◆ **Exercise aim**:
In the data below, the answer is the run of lines from the line containing "using open_map_rep unfolding" through the line containing "using group_quotient_group topological_group_quotient", both included; print it exactly and nothing else.

Start of Block

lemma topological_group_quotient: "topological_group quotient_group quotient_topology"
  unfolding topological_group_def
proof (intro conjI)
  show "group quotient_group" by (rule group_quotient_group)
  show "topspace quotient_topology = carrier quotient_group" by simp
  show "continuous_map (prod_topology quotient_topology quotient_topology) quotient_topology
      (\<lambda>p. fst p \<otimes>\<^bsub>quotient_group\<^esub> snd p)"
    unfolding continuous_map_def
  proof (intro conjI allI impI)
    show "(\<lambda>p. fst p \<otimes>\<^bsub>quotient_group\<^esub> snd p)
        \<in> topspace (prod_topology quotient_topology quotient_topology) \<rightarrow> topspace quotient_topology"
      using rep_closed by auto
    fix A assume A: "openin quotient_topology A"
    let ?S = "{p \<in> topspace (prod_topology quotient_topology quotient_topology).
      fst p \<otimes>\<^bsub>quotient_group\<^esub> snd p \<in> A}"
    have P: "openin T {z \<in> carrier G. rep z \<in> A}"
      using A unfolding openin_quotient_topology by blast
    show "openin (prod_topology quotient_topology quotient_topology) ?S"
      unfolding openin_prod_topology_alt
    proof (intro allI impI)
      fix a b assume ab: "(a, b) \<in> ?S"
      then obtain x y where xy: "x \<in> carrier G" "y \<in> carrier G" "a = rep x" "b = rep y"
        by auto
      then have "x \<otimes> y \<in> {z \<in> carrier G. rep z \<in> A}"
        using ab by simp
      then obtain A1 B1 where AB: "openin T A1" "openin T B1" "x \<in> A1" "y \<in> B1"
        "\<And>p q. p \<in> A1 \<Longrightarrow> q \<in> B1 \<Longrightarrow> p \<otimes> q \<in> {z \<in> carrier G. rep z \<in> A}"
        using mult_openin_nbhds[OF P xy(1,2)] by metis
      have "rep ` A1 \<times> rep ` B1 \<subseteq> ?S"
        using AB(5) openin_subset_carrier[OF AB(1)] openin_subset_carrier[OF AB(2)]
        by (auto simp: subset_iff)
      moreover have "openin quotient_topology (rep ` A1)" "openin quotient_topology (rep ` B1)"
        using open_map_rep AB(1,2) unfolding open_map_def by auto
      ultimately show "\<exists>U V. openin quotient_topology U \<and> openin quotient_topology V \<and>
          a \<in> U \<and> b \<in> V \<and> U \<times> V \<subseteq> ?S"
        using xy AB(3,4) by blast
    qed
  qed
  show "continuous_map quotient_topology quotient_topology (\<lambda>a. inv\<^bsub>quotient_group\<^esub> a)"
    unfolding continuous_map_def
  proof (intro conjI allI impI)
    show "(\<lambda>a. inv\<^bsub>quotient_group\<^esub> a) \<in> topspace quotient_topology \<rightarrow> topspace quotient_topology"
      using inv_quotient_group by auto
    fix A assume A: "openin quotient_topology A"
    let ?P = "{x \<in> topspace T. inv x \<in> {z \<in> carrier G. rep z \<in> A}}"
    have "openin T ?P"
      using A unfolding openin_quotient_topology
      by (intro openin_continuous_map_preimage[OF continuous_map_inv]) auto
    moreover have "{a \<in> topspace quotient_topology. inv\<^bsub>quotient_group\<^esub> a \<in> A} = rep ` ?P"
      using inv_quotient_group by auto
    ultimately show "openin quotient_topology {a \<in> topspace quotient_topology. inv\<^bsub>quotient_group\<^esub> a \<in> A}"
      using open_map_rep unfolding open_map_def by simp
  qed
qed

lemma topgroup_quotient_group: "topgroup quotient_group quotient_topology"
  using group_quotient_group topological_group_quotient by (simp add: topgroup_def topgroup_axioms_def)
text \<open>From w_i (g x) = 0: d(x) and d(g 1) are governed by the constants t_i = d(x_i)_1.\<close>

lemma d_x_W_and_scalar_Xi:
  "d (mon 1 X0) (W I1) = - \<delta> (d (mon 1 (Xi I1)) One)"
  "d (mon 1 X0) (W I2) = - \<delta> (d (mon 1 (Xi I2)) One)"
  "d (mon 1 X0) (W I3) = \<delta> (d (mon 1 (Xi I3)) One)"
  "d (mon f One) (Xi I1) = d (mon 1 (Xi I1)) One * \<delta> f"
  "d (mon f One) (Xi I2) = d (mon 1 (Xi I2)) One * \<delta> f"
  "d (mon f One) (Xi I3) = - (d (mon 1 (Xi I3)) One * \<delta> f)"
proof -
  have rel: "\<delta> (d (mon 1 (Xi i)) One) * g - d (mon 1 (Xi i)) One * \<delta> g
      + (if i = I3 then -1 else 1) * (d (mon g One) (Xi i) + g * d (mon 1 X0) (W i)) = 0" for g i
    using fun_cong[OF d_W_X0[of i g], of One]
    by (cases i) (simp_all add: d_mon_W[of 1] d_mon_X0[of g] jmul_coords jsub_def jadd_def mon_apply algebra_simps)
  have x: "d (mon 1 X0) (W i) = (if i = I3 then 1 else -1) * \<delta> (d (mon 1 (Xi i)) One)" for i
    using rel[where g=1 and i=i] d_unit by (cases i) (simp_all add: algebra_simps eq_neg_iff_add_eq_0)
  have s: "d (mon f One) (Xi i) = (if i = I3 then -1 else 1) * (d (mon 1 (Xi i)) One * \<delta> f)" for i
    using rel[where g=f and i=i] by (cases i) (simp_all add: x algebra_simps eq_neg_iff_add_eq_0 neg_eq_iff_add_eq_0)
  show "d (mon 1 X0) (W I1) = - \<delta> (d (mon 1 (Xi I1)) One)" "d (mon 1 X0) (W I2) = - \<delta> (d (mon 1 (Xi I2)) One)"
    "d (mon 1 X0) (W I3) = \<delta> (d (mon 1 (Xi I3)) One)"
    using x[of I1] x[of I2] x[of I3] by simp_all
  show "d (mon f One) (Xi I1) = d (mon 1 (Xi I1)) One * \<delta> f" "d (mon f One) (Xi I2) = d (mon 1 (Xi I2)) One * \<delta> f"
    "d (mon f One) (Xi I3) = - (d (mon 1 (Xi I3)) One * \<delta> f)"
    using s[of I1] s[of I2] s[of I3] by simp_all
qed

End of Block

◆ **Result of the task**:
      using open_map_rep unfolding open_map_def by simp
  qed
qed

lemma topgroup_quotient_group: "topgroup quotient_group quotient_topology"
  using group_quotient_group topological_group_quotient by (simp add: topgroup_def topgroup_axioms_def)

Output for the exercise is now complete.